Maeu Nanai Livi

Sport
- Country: Samoa
- Sport: Weightlifter

Medal record
Men's Weightlifter
Representing Samoa
Pacific Games
| Bronze medal – third place | 2019 Apia | 96kg snatch |
| Bronze medal – third place | 2019 Apia | 96kg clean & jerk |
| Bronze medal – third place | 2019 Apia | 96kg total |
Oceania Weightlifting Championships
| Silver medal – second place | 2019 Apia | 96kg |
Commonwealth Weightlifting Championships
| Bronze medal – third place | 2019 Apia | 96kg |
Commonwealth Youth Games
| Gold medal – first place | 2015 Apia | 85kg |

= Maeu Nanai Livi =

Samoan weightlifter

Maeu Nanai Livi is a Samoan weightlifter who has represented Samoa at the Commonwealth Youth Games and Pacific Games.

At the 2015 Commonwealth Youth Games in Apia he won gold in the 85 kg division.

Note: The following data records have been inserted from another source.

lemma circle_mellin_mult_power:
  assumes f: "continuous_on (sphere (complex_of_real c) R) f" and R: "R \<ge> 0" and t: "t > 0"
  shows "of_real (t ^ n) * circle_mellin c R f a t = circle_mellin c R f (a + n) t"
proof -
  have "exp ((of_real (a + n) - u) * of_real (ln t)) = of_real (t ^ n) * exp ((of_real a - u) * of_real (ln t))"
    for u :: complex
  proof -
    have "exp ((of_real (a + n) - u) * of_real (ln t)) = exp (of_real (n * ln t) + (of_real a - u) * of_real (ln t))"
      by (rule arg_cong[where f = exp]) (simp add: algebra_simps)
    also have "\<dots> = of_real (t ^ n) * exp ((of_real a - u) * of_real (ln t))"
      using t by (simp add: exp_add exp_of_real exp_of_nat_mult)
    finally show ?thesis .
  qed
  moreover have "continuous_on (sphere (complex_of_real c) R) (\<lambda>u. f u * exp ((of_real a - u) * of_real (ln t)))"
    by (intro continuous_intros f)
  then have "(\<lambda>u. f u * exp ((of_real a - u) * of_real (ln t))) contour_integrable_on circlepath (of_real c) R"
    using R by (intro contour_integrable_continuous_circlepath) simp
  ultimately show ?thesis
    unfolding circle_mellin_def by (simp add: contour_integral_lmul[symmetric] mult_ac)
qed

lemma circle_mellin_real:
  assumes f: "\<And>u. cnj (f (cnj u)) = f u"
  shows "circle_mellin c R f a t \<in> \<real>"
proof -
  define G where "G = (\<lambda>u. f u * exp ((of_real a - u) * of_real (ln t)))"
  have "cnj \<circ> G \<circ> cnj = G"
    using f by (auto simp: G_def fun_eq_iff exp_cnj)
  then have "cnj (contour_integral (circlepath (of_real c) R) G)
      = contour_integral (reversepath (circlepath (of_real c) R)) G"
    using contour_integral_cnj[OF valid_path_circlepath, of "of_real c" R G]
    by (simp only: cnj_circlepath)
  also have "\<dots> = - contour_integral (circlepath (of_real c) R) G"
    by (simp add: contour_integral_reversepath)
  finally have "cnj (circle_mellin c R f a t) = circle_mellin c R f a t"
    by (simp add: circle_mellin_def G_def)
  then show ?thesis
    using Reals_cnj_iff by blast
qed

In June 2019 he was part of the Samoan team for the 2019 Junior World Weightlifting Championships.

At the 2019 Pacific Games in Apia he won three bronze medals in the 96 kg division, as well as silver at the 2019 Oceania Weightlifting Championships and bronze at the 2019 Commonwealth Weightlifting Championships.